Modern Prosthetics revolutionary or disruptive?

In class, we talked about disruptive technology and how a something can be “revolutionary” rather than disruptive. Prostheses have been around for a long time however in the past they were merely just imitations of missing body parts. These imitations did not function as your regular body parts and did not enable the wielder to operate like they once did. Modern prosthetic devices are lightweight and strong. They are made from newer materials such as advanced plastics and carbon fiber. The materials allow the prosthetics to be more controllable with functions such as gripping and walking. Newer prostheses are even enabling bionic movements with motors and sensors. However, is this technology only revolutionary or disruptive? Since most prostheses are covered by insurance, would people more likely to opt into bionic prostheses and eventually make it a norm?

2 Responses to Modern Prosthetics revolutionary or disruptive?

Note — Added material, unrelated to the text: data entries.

(* Let $\beta\ge1$ and consider the GBDF3 coefficients $(a_0,a_1,a_2)=\big(\tfrac{3\beta^2+6\beta+2}{6},\tfrac{-6\beta^2-6\beta+5}{6},\tfrac{3\beta^2-1}{6}\big)$, $(b_0,\dots,b_3)=\big(\tfrac{\beta^2+\beta}{2},1-\beta^2,\tfrac{\beta^2-\beta}{2},0\big)$, $(c_0,c_1,c_2)=\big(\tfrac{\beta^2+3\beta+2}{2},-2\beta-\beta^2,\tfrac{\beta^2+\beta}{2}\big)$. Then $$\sigma_{\mathrm{F}}=1,\quad\sigma_{\mathrm{E}}=\frac{6\beta^2+12\beta+3}{6\beta^2+6\beta-2},\quad\frac{6\beta^2-4}{6\beta^2+6\beta-2}\le\lambda_{\mathrm{I}}\le\frac{6\beta^2-3}{6\beta^2+6\beta-2},$$ so that $\dfrac{6\beta^2-4}{6\beta^2+12\beta+3}\le\mathfrak{I}_{\mathrm{IE}}\le\dfrac{6\beta^2-3}{6\beta^2+12\beta+3}$.
   Context: For coefficient vectors $(a_j)_{j=0}^{\mathrm{k}-1}$, $(b_j)_{j=0}^{\mathrm{k}}$, $(c_j)_{j=0}^{\mathrm{k}-1}$ define $a(\theta)=\sum_j a_je^{\imath j\theta}$, $b(\theta)=\sum_j b_je^{\imath j\theta}$, $c(\theta)=\sum_jc_je^{\imath j\theta}$ and $\sigma_{\mathrm{F}}=\max_{\theta\in[0,2\pi)}|1/a(\theta)|$, $\sigma_{\mathrm{E}}=\max_{\theta\in[0,2\pi)}|c(\theta)/a(\theta)|$, $\lambda_{\mathrm{I}}=\min_{\theta\in[0,2\pi)}\Re[b(\theta)/a(\theta)]$, $\mathfrak{I}_{\mathrm{IE}}=\lambda_{\mathrm{I}}/\sigma_{\mathrm{E}}$. Here $\mathrm{k}=3$. *)

theory Defs
  imports "HOL-Analysis.Analysis"
begin

definition trig_poly :: "nat \<Rightarrow> (nat \<Rightarrow> real) \<Rightarrow> real \<Rightarrow> complex" where
  "trig_poly n p \<theta> = (\<Sum>j<n. complex_of_real (p j) * exp (\<i> * of_nat j * complex_of_real \<theta>))"

text \<open>With k steps: a, c have k coefficients (indices 0..k-1), b has k+1 (indices 0..k).\<close>
definition sigma_F :: "nat \<Rightarrow> (nat \<Rightarrow> real) \<Rightarrow> real" where
  "sigma_F k a = (SUP \<theta>\<in>{0..<2*pi}. cmod (1 / trig_poly k a \<theta>))"

definition sigma_E :: "nat \<Rightarrow> (nat \<Rightarrow> real) \<Rightarrow> (nat \<Rightarrow> real) \<Rightarrow> real" where
  "sigma_E k a c = (SUP \<theta>\<in>{0..<2*pi}. cmod (trig_poly k c \<theta> / trig_poly k a \<theta>))"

  • I wouldn’t classify modern prosthetics as disruption because it doesn’t qualify for low-end or new-market disruption. New prosthetics are better quality than old ones, so they wouldn’t tie into low-end disruption. On the other hand, the creators of modern prosthetics are also not changing the market of people who require prosthetics either, so they wouldn’t classify as new-market disruption. Instead, I would think modern prosthetics to align most with sustaining innovation because its creators are taking old prosthetics from established markets and increasing quality and capability.

  • I agree with Adriana in that it is not disruptive. The new technology involved in prosthetics is revolutionizing the industry and I do believe that bionic movements with sensors and motors will be the new norm at some point but only once insurance companies begin to cover their use on a regular basis.